Scatter plot of 3125 EQ-5D-5L profiles for heteroskedastic model. *values were estimated in a pits scale where v (55555) = 0 and v (11111) = 1. 95% Confidence interval for Pearson’s correlation 0.9109–0.9222, and for Lin’s concordance: 0.7542–0.7769

Taste and scale heterogeneity

The SALC model increased model fit compared to homogeneous models by achieving the lowest BIC value (56,698.35). Table 3 showed the main-effect coefficients of the two taste classes. Taste class 1 had consistent parameters with non-negative values, and 19 of them were significant (p < 0.050). In all the attributes, changing levels from moderate to severe problems led to the greatest reduction in value. Based on this evidence, taste class 1 is referred to as a Dutch EQ-5D-5L value set on the pits scale.

Table 3 Two taste classes of the scale-adjusted latent class (SALC) model

On the other hand, taste class 2 had few significant parameters and eight inconsistent estimates. In this class, the probability of choosing the best over the worst EQ-5D-5L profile is 0.554 (Table 3), which is much smaller than the near-unanimous probability found in taste class 1 (0.998). Based on this evidence, taste class 2 is referred to as a garbage class.

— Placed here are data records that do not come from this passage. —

lemma measure_returned_below_le: "measure M (returned_below b K n) \<le> \<epsilon> / \<delta>"
proof -
  have ind_int: "integrable M (indicator (returned_below b K n) :: 'a \<Rightarrow> real)"
    by (rule integrable_bounded[where C = 1]) (auto simp: indicator_def)
  then have lower_int: "integrable M (\<lambda>\<omega>. \<delta> * indicator (returned_below b K n) \<omega> - \<epsilon>)"
    by (intro Bochner_Integration.integrable_diff integrable_mult_right) auto
  have "\<delta> * measure M (returned_below b K n) - \<epsilon> = (\<integral>\<omega>. \<delta> * indicator (returned_below b K n) \<omega> - \<epsilon> \<partial>M)"
    using ind_int by (simp add: Bochner_Integration.integral_diff prob_space)
  also have "\<dots> \<le> integral\<^sup>L M (potential n)"
    using lower_int integrable_potential f_nonneg \<epsilon>_nonneg
    by (intro integral_mono) (auto simp: potential_def indicator_def intro: order_trans[OF _ f_nonneg])
  finally have "\<delta> * measure M (returned_below b K n) \<le> \<epsilon>"
    using integral_potential_nonpos[of n] by linarith
  then show ?thesis using \<delta>_pos by (simp add: field_simps mult.commute)
qed

lemma measure_eventually_returned_le:
  "measure M {\<omega>\<in>space M. \<exists>j i. j < i \<and> b < X j \<omega> \<and> X i \<omega> \<le> K} \<le> \<epsilon> / \<delta>"
proof -
  have "(\<lambda>n. measure M (returned_below b K n)) \<longlonglongrightarrow> measure M (\<Union>n. returned_below b K n)"
    using incseq_returned_below by (intro finite_Lim_measure_incseq) auto
  then have "measure M (\<Union>n. returned_below b K n) \<le> \<epsilon> / \<delta>"
    by (rule LIMSEQ_le_const2) (simp add: measure_returned_below_le)
  then show ?thesis by (simp add: UN_returned_below)
qed

end

lemma AE_eventually_above_if_unbounded:
  assumes x1_le_K: "x1 \<le> K" and \<delta>_pos: "0 < \<delta>" and f_ge_\<delta>: "\<And>y. y \<le> K \<Longrightarrow> \<delta> \<le> f y"
  shows "AE \<omega> in M. \<not> bdd_above (range (\<lambda>n. X n \<omega>)) \<longrightarrow> (\<forall>\<^sub>F n in sequentially. K < X n \<omega>)"
proof -
  have "\<forall>m. \<exists>b>K. \<forall>y>b. f y \<le> inverse (real (Suc m))"
    using f_small_beyond by simp
  then obtain b where K_less_b: "\<And>m. K < b m"
    and f_le: "\<And>m y. b m < y \<Longrightarrow> f y \<le> inverse (real (Suc m))"
    by metis
  define R where "R m = {\<omega>\<in>space M. \<exists>j i. j < i \<and> b m < X j \<omega> \<and> X i \<omega> \<le> K}" for m
  have "(\<Inter>m. R m) \<in> null_sets M"
  proof (rule INT_in_null_sets)
    show "R m \<in> sets M" for m
      unfolding R_def UN_returned_below[symmetric] by measurable
    show "measure M (R m) \<le> inverse (real (Suc m)) / \<delta>" for m
      unfolding R_def using x1_le_K K_less_b \<delta>_pos f_ge_\<delta> f_le
      by (rule measure_eventually_returned_le)
    show "(\<lambda>m. inverse (real (Suc m)) / \<delta>) \<longlonglongrightarrow> 0"
      by (intro tendsto_divide_zero LIMSEQ_inverse_real_of_nat)
  qed
  then show ?thesis
  proof (rule AE_I', intro subsetI INT_I)
    fix \<omega> m assume "\<omega> \<in> {\<omega>\<in>space M. \<not> (\<not> bdd_above (range (\<lambda>n. X n \<omega>)) \<longrightarrow>
        (\<forall>\<^sub>F n in sequentially. K < X n \<omega>))}"
    then have \<omega>: "\<omega> \<in> space M" and unbounded: "\<not> bdd_above (range (\<lambda>n. X n \<omega>))"
      and not_above: "\<not> (\<forall>\<^sub>F n in sequentially. K < X n \<omega>)"
      by auto
    obtain j where j: "b m < X j \<omega>"
      using unbounded by (auto simp: bdd_above_def not_le)
    obtain i where "Suc j \<le> i" "X i \<omega> \<le> K"
      using not_above by (auto simp: eventually_sequentially not_less)
    then show "\<omega> \<in> R m"
      using \<omega> j by (auto simp: R_def Suc_le_eq)
  qed
qed

lemma AE_filterlim_at_top_if_unbounded:
  assumes lower: "\<And>K. \<exists>\<delta>>0. \<forall>y\<le>K. \<delta> \<le> f y"
  shows "AE \<omega> in M. \<not> bdd_above (range (\<lambda>n. X n \<omega>)) \<longrightarrow> filterlim (\<lambda>n. X n \<omega>) at_top sequentially"
proof -
  have "AE \<omega> in M. \<forall>k::nat. \<not> bdd_above (range (\<lambda>n. X n \<omega>)) \<longrightarrow>
      (\<forall>\<^sub>F n in sequentially. x1 + real k < X n \<omega>)"
  proof (unfold AE_all_countable, rule allI)
    fix k
    obtain \<delta> where "0 < \<delta>" "\<And>y. y \<le> x1 + real k \<Longrightarrow> \<delta> \<le> f y"
      using lower by blast
    then show "AE \<omega> in M. \<not> bdd_above (range (\<lambda>n. X n \<omega>)) \<longrightarrow>
        (\<forall>\<^sub>F n in sequentially. x1 + real k < X n \<omega>)"
      by (intro AE_eventually_above_if_unbounded) auto
  qed
  then show ?thesis
  proof (rule AE_mp, intro AE_I2 impI)
    fix \<omega> assume all_k: "\<forall>k::nat. \<not> bdd_above (range (\<lambda>n. X n \<omega>)) \<longrightarrow>
        (\<forall>\<^sub>F n in sequentially. x1 + real k < X n \<omega>)"
      and unbounded: "\<not> bdd_above (range (\<lambda>n. X n \<omega>))"
    have above: "\<forall>\<^sub>F n in sequentially. x1 + real k < X n \<omega>" for k
      using all_k unbounded by simp
    show "filterlim (\<lambda>n. X n \<omega>) at_top sequentially"
    proof (unfold filterlim_at_top, rule allI)
      fix Z
      obtain k where "Z - x1 \<le> real k" using real_arch_simple by blast
      then show "\<forall>\<^sub>F n in sequentially. Z \<le> X n \<omega>"
        using above[of k] by (auto elim!: eventually_mono)
    qed
  qed
qed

Around 71% of the individuals belonged to taste class 1 and 29% in taste class 2 (Table 4). Looking at the grade-of-membership results, respondents in the garbage class are less likely to be female (odds ratio: 0.5173 95% CI: 0.3685 to 0.6661) and more likely to be younger (odds ratio: 2.4143; 95% CI: 1.6509 to 3.1777).

Table 4 Grade-of-membership (GOM) of the scale-adjusted latent class (SALC)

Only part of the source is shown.